A former senior economist at the International Monetary Fund (IMF) now says Kenyans are choking on taxes over unrealistic revenue targets the institution is attaching to its loans to the country.

Peter Doyle, who quit IMF in 2012 after two decades and now serves as an independent research economist with focus on international macroeconomics, said in a recent forum on Africa’s debt crisis that while Kenya has “tried very hard” not to default on debts, citizens are paying a steep price through a series of new taxes.

“Kenya has tried very hard to avoid default. But in doing so, the IMF has steadily increased the medium-term primary balance target that Kenya has to hit, which explains why every Kenyan tax is going up and up,” said Doyle.
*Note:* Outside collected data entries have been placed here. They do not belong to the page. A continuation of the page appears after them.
(* Let $q$ be a prime power, $r\ge 1$ an integer, and $\mathcal{S}$ a $q^r$-divisible spanning set of $q^{r+1}$ points in $\mathrm{PG}(v-1,q)$. Then the number of hyperplanes $H$ with $|\mathcal{S}\cap H|=q^r$ is at least $\frac{q^v-1}{q-1}-\left(q^{v-r-1}-q+1\right)$.
   Context: $\mathrm{PG}(v-1,q)$ is the projective space of $\mathbb{F}_q^v$; points are $1$-dimensional and hyperplanes $(v-1)$-dimensional subspaces of $\mathbb{F}_q^v$. A set $\mathcal{S}$ of points is spanning if its points span $\mathbb{F}_q^v$, and it is $q^r$-divisible if $|\mathcal{S}\cap H|\equiv|\mathcal{S}|\pmod{q^r}$ for every hyperplane $H$. *)

theory Defs
  imports Complex_Main
begin

text \<open>Coordinates: F_q^v is modelled as functions 'n => 'a, where 'a is a finite field
  (so q = CARD('a) is a prime power) and v = CARD('n).\<close>

definition lin_subspace :: "('n \<Rightarrow> 'a::field) set \<Rightarrow> bool" where
  "lin_subspace W \<longleftrightarrow> (\<lambda>i. 0) \<in> W \<and> (\<forall>x\<in>W. \<forall>y\<in>W. (\<lambda>i. x i + y i) \<in> W)
     \<and> (\<forall>c. \<forall>x\<in>W. (\<lambda>i. c * x i) \<in> W)"

definition lin_span :: "('n \<Rightarrow> 'a::field) set \<Rightarrow> ('n \<Rightarrow> 'a) set" where
  "lin_span X = \<Inter>{W. lin_subspace W \<and> X \<subseteq> W}"

definition proj_points :: "('n::finite \<Rightarrow> 'a::{field,finite}) set set" where
  "proj_points = {{(\<lambda>i. c * x i) | c. True} | x. x \<noteq> (\<lambda>i. 0)}"

definition proj_hyperplanes :: "('n::finite \<Rightarrow> 'a::{field,finite}) set set" where
  "proj_hyperplanes = {{x. (\<Sum>i\<in>UNIV. a i * x i) = 0} | a. a \<noteq> (\<lambda>i. 0)}"

definition spanning_set :: "('n::finite \<Rightarrow> 'a::{field,finite}) set set \<Rightarrow> bool" where
  "spanning_set S \<longleftrightarrow> lin_span (\<Union>S) = UNIV"

definition pts_in :: "('n::finite \<Rightarrow> 'a::{field,finite}) set set \<Rightarrow> ('n \<Rightarrow> 'a) set \<Rightarrow> nat" where
  "pts_in S H = card {P\<in>S. P \<subseteq> H}"

definition divisible_set :: "nat \<Rightarrow> ('n::finite \<Rightarrow> 'a::{field,finite}) set set \<Rightarrow> bool" where
  "divisible_set m S \<longleftrightarrow> (\<forall>H\<in>proj_hyperplanes. pts_in S H mod m = card S mod m)"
He was speaking during a three-day conference themed The African Debt Crisis and International Financial Architecture that concluded last week in Accra, Ghana. It was convened by Economics under the International Development Economics Associates Limited (IDEAs).

The primary balance is the difference between the government's revenue and its spending, excluding what it uses on debt payments.

Treasury data shows Kenya is expecting to close the financial year ending June 2024 with a deficit of Sh832.3 billion or 5.2 percent of GDP. It targets to lower this to Sh753.2 billion or 4.2 percent of GDP in the 2024/25 financial year and reduce it further to Sh719.9 billion or 3.6 percent of GDP in the following year.

Kenya in July rolled out a raft of new taxes including doubling value-added tax on fuel and introduction of a 1.5 percent housing levy on gross pay. The State is also aggressively going for the informal sector in an attempt to grow taxes.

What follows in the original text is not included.